TRY IT
Please find the lines in the entries below that contain the word "rceil", and copy each one.

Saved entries
theorem mainTheorem2:
  fixes U :: "'a set" and k :: nat and v :: "'a set \<Rightarrow> real"
    and A :: "'a set \<Rightarrow> 'a set" and \<alpha> :: real and OPT :: "'a set"
  assumes finU: "finite U"
    and k_pos: "k \<ge> 1"
    and v_nonneg: "\<And>S. S \<subseteq> U \<Longrightarrow> v S \<ge> 0"
    and v_mono: "\<And>S T. S \<subseteq> T \<Longrightarrow> T \<subseteq> U \<Longrightarrow> v S \<le> v T"
    and v_submod: "\<And>S T x. S \<subseteq> T \<Longrightarrow> T \<subseteq> U \<Longrightarrow> x \<in> U - T \<Longrightarrow>
                     v (insert x S) - v S \<ge> v (insert x T) - v T"
    and OPT_feas: "OPT \<subseteq> U" "card OPT \<le> k"
    and OPT_max: "\<And>S. S \<subseteq> U \<Longrightarrow> card S \<le> k \<Longrightarrow> v S \<le> v OPT"
    and alpha: "0 < \<alpha>" "\<alpha> \<le> 1"
    and A_sub: "\<And>L. L \<subseteq> U \<Longrightarrow> A L \<subseteq> L"
    and A_card: "\<And>L. L \<subseteq> U \<Longrightarrow> card (A L) \<le> k"
    and A_approx: "\<And>L S. L \<subseteq> U \<Longrightarrow> S \<subseteq> L \<Longrightarrow> card S \<le> k \<Longrightarrow> \<alpha> * v S \<le> v (A L)"
  shows "exp_random_order U
           (\<lambda>xs. v (tentative_set A (nat \<lceil>real (card U) / exp 1\<rceil>) xs))
         \<ge> (\<alpha> / exp 1 - \<alpha> / real (card U)) * v OPT"
proof -
  interpret approximation_oracle U v k A \<alpha>
    by unfold_locales (fact v_nonneg v_mono v_submod finU alpha(1) A_sub A_approx)+
  define n where "n = card U"
  define t where "t = nat \<lceil>real n / exp 1\<rceil>"
  have "0 \<le> v OPT" using OPT_feas by (intro nonneg)
  show ?thesis
  proof (cases "n = 0")
    case True
    then have "U = {}" "OPT = {}" using finU OPT_feas by (auto simp: n_def)
    have "\<alpha> / exp 1 \<le> 1" using alpha exp_ge_add_one_self[of 1] by simp
    then have "\<alpha> / exp 1 * v {} \<le> v {}"
      using nonneg[of "{}"] alpha(1) by (intro mult_left_le_one_le) auto
    with \<open>U = {}\<close> \<open>OPT = {}\<close> show ?thesis by (simp add: n_def)
  next
    case False
    have "(\<alpha> / exp 1 - \<alpha> / real n) * v OPT \<le> \<alpha> * secretary_ratio t n * v OPT"
      using secretary_ratio_ceiling_ge[OF _ t_def] False alpha(1) \<open>0 \<le> v OPT\<close>
      by (intro mult_right_mono) (auto simp: right_diff_distrib[symmetric] divide_inverse)
    also have "\<dots> \<le> exp_random_order U (\<lambda>xs. v (tentative_set A t xs))"
      using exp_tentative_value_ge_secretary_ratio[OF OPT_feas] by (simp add: n_def)
    finally show ?thesis by (simp add: n_def t_def)
  qed
qed

end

SOLVED EXERCISE
           (\<lambda>xs. v (tentative_set A (nat \<lceil>real (card U) / exp 1\<rceil>) xs))
  define t where "t = nat \<lceil>real n / exp 1\<rceil>"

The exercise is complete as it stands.